Scan the records for lines holding "lemma". Say how many there are and give nothing else.

* * * * * * * * *

locale isoclinism = lsa_pair sc1 G1 br1 sc2 G2 br2
  for sc1 :: "'k::field \<Rightarrow> 'a::ab_group_add \<Rightarrow> 'a" and G1 br1
    and sc2 :: "'k \<Rightarrow> 'b::ab_group_add \<Rightarrow> 'b" and G2 br2 +
  fixes \<phi> :: "'a set \<Rightarrow> 'b set" and \<theta> :: "'a \<Rightarrow> 'b"
  assumes phi_bij: "bij_betw \<phi> (range (center_coset br1)) (range (center_coset br2))"
    and phi_hom: "\<And>x y u v. \<phi> (center_coset br1 x) = center_coset br2 u \<Longrightarrow>
      \<phi> (center_coset br1 y) = center_coset br2 v \<Longrightarrow>
      \<phi> (center_coset br1 (x + y)) = center_coset br2 (u + v) \<and>
      \<phi> (center_coset br1 (br1 x y)) = center_coset br2 (br2 u v)"
    and phi_scale: "\<And>c x u. \<phi> (center_coset br1 x) = center_coset br2 u \<Longrightarrow>
      \<phi> (center_coset br1 (sc1 c x)) = center_coset br2 (sc2 c u)"
    and phi_grade: "\<And>i x. x \<in> G1 i \<Longrightarrow> \<exists>u\<in>G2 i. \<phi> (center_coset br1 x) = center_coset br2 u"
    and theta_bij: "bij_betw \<theta> (derived sc1 br1) (derived sc2 br2)"
    and theta_hom: "\<And>x y. x \<in> derived sc1 br1 \<Longrightarrow> y \<in> derived sc1 br1 \<Longrightarrow>
      \<theta> (x + y) = \<theta> x + \<theta> y \<and> \<theta> (br1 x y) = br2 (\<theta> x) (\<theta> y)"
    and theta_scale: "\<And>c x. x \<in> derived sc1 br1 \<Longrightarrow> \<theta> (sc1 c x) = sc2 c (\<theta> x)"
    and theta_grade: "\<And>i. \<theta> ` (derived sc1 br1 \<inter> G1 i) \<subseteq> G2 i"
    and compatible: "\<And>l m k r. \<phi> (center_coset br1 l) = center_coset br2 k \<Longrightarrow>
      \<phi> (center_coset br1 m) = center_coset br2 r \<Longrightarrow> \<theta> (br1 l m) = br2 k r"

lemma (in lsa_pair) isoclinic_iff_isoclinism:
  "isoclinic sc1 G1 br1 sc2 G2 br2 \<longleftrightarrow> (\<exists>\<phi> \<theta>. isoclinism sc1 G1 br1 sc2 G2 br2 \<phi> \<theta>)"
  unfolding isoclinic_def Let_def isoclinism_def isoclinism_axioms_def
  by (simp add: lsa_pair_axioms Ball_def)

context isoclinism
begin

lemma phi_lift_exists: "\<exists>u. \<phi> (center_coset br1 x) = center_coset br2 u"
  using phi_bij unfolding bij_betw_def by blast

lemma phi_zero: "\<phi> (center_coset br1 0) = center_coset br2 0"
proof -
  obtain u where "\<phi> (center_coset br1 0) = center_coset br2 u"
    using phi_lift_exists by blast
  from phi_scale[OF this, of 0] show ?thesis
    by simp
qed

lemma theta_zero: "\<theta> 0 = 0"
  using theta_scale[OF L1.subspace_0[OF L1.subspace_derived], of 0] by simp

text \<open>On brackets this is the compatibility condition; it spreads to all of \<open>L'\<close>
  by linearity.\<close>
lemma theta_lifts_phi:
  assumes "d \<in> derived sc1 br1"
  shows "\<phi> (center_coset br1 d) = center_coset br2 (\<theta> d)"
proof -
  let ?P = "{d \<in> derived sc1 br1. \<phi> (center_coset br1 d) = center_coset br2 (\<theta> d)}"
  have "L1.span {br1 x y |x y. True} \<subseteq> ?P"
  proof (rule L1.span_minimal)
    show "{br1 x y |x y. True} \<subseteq> ?P"
    proof
      fix w assume "w \<in> {br1 x y |x y. True}"
      then obtain x y where w: "w = br1 x y"
        by blast
      obtain u v where u: "\<phi> (center_coset br1 x) = center_coset br2 u"
        and v: "\<phi> (center_coset br1 y) = center_coset br2 v"
        using phi_lift_exists by meson
      show "w \<in> ?P"
        using phi_hom[OF u v] compatible[OF u v] L1.br_in_derived w by simp
    qed
    show "L1.subspace ?P"
      using L1.subspace_derived phi_zero theta_zero phi_hom theta_hom phi_scale theta_scale
      by (intro L1.subspaceI) (simp_all add: L1.subspace_0 L1.subspace_add L1.subspace_scale)
  qed
  then show ?thesis
    using assms unfolding derived_def by blast
qed

lemma even_linear_lift:
  obtains f where "Vector_Spaces.linear sc1 sc2 f" "\<And>d. d \<in> derived sc1 br1 \<Longrightarrow> f d = \<theta> d"
    "\<And>x. \<phi> (center_coset br1 x) = center_coset br2 (f x)" "\<And>i. f ` G1 i \<subseteq> G2 i"
proof (rule even_linear_extension[where \<theta> = \<theta> and R = "\<lambda>x u. \<phi> (center_coset br1 x) = center_coset br2 u"])
  show "L1.subspace (derived sc1 br1)"
    by (rule L1.subspace_derived)
qed (use L1.derived_graded theta_hom theta_scale theta_grade phi_hom phi_scale phi_grade
      theta_lifts_phi in auto)
(* Suppose $B:\mathcal{F}\otimes\mathcal{F}\to\mathbb{Z}$ is a bilinear form such that: (1) if $w_0\in\mathcal{M}_{n_0}^{e_0}$, $w_1\in\mathcal{M}_{n_1}^{e_1}$ with $(n_0,e_0)\ne(n_1,e_1)$ then $B(w_0,w_1)=0$; (2) for all words $w_0,w_1$: $B(a_{x,i}w_0,w_1)=B(w_0,a^*_{x,i}w_1)$ for $0\le i\le n_x(w_0)$, and $B(w_0,a_{y,i}w_1)=B(a^*_{y,i}w_0,w_1)$ for $0\le i\le n_y(w_1)$ (with $B(0,\cdot)=B(\cdot,0)=0$ when a terminal annihilation gives $0$); (3) $B(1,1)=1$. Then $B=\langle\cdot|\cdot\rangle$.
   Context: $\mathcal{M}$ is the free monoid of words in $x,y$ (empty word $1$), $\mathcal{F}$ its $\mathbb{Z}$-span; $\mathcal{M}_n^e$ is the set of words with $n_x$ $x$'s and $n_y$ $y$'s where $n=n_x+n_y$, $e=n_y-n_x$; $n_s(w)$ is the number of letters $s$ in $w$. Operators on a word $w$ (extended linearly): $a_{s,0}w$ deletes the initial letter if it is $s$, else $0$; $a_{s,i}w$ ($1\le i\le n_s(w)$) deletes the $i$-th $s$; $a_{s,n_s+1}w$ deletes the final letter if it is $s$, else $0$; $a^*_{s,0}w$ prepends $s$; $a^*_{s,i}w$ ($1\le i\le n_s(w)$) replaces the $i$-th $s$ by $ss$; $a^*_{s,n_s+1}w$ appends $s$. $\langle w_0|w_1\rangle=1$ if $w_0,w_1$ have the same degrees and for each $i$ the $i$-th $x$ of $w_0$ is at a position $\le$ that of the $i$-th $x$ of $w_1$; otherwise $0$; extended bilinearly. *)

theory Defs
  imports Main
begin

text \<open>Letters of the alphabet; words (elements of the free monoid M) are lists of letters,
  the empty list being the empty word 1. A bilinear form on the Z-span F of M is determined
  by (and identified with) its values on pairs of basis words: B :: word => word => int.\<close>

datatype letter = X | Y

type_synonym word = "letter list"

definition ns :: "letter \<Rightarrow> word \<Rightarrow> nat" where
  "ns s w = count_list w s"

definition deg_n :: "word \<Rightarrow> nat" where "deg_n w = ns X w + ns Y w"
definition deg_e :: "word \<Rightarrow> int" where "deg_e w = int (ns Y w) - int (ns X w)"

definition spos :: "letter \<Rightarrow> word \<Rightarrow> nat list" where
  "spos s w = filter (\<lambda>j. w ! j = s) [0..<length w]"

text \<open>Annihilation operator a_{s,i}; result None stands for the zero vector.\<close>
definition ann :: "letter \<Rightarrow> nat \<Rightarrow> word \<Rightarrow> word option" where
  "ann s i w =
    (if i = 0 then (if w \<noteq> [] \<and> hd w = s then Some (tl w) else None)
     else if i \<le> ns s w then
       (let p = spos s w ! (i - 1) in Some (take p w @ drop (Suc p) w))
     else if i = ns s w + 1 then (if w \<noteq> [] \<and> last w = s then Some (butlast w) else None)
     else None)"

definition cre :: "letter \<Rightarrow> nat \<Rightarrow> word \<Rightarrow> word option" where
  "cre s i w =
    (if i = 0 then Some (s # w)
     else if i \<le> ns s w then
       (let p = spos s w ! (i - 1) in Some (take p w @ s # drop p w))
     else if i = ns s w + 1 then Some (w @ [s])
     else None)"

text \<open>Bilinear extension to arguments that may be zero (None).\<close>
definition liftB :: "(word \<Rightarrow> word \<Rightarrow> int) \<Rightarrow> word option \<Rightarrow> word option \<Rightarrow> int" where
  "liftB B u v = (case (u, v) of (Some a, Some b) \<Rightarrow> B a b | _ \<Rightarrow> 0)"

definition pairing :: "word \<Rightarrow> word \<Rightarrow> int" where
  "pairing w0 w1 =
    (if ns X w0 = ns X w1 \<and> ns Y w0 = ns Y w1 \<and>
        list_all2 (\<le>) (spos X w0) (spos X w1) then 1 else 0)"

* * * * * * * * *

**Exercise answer**. 6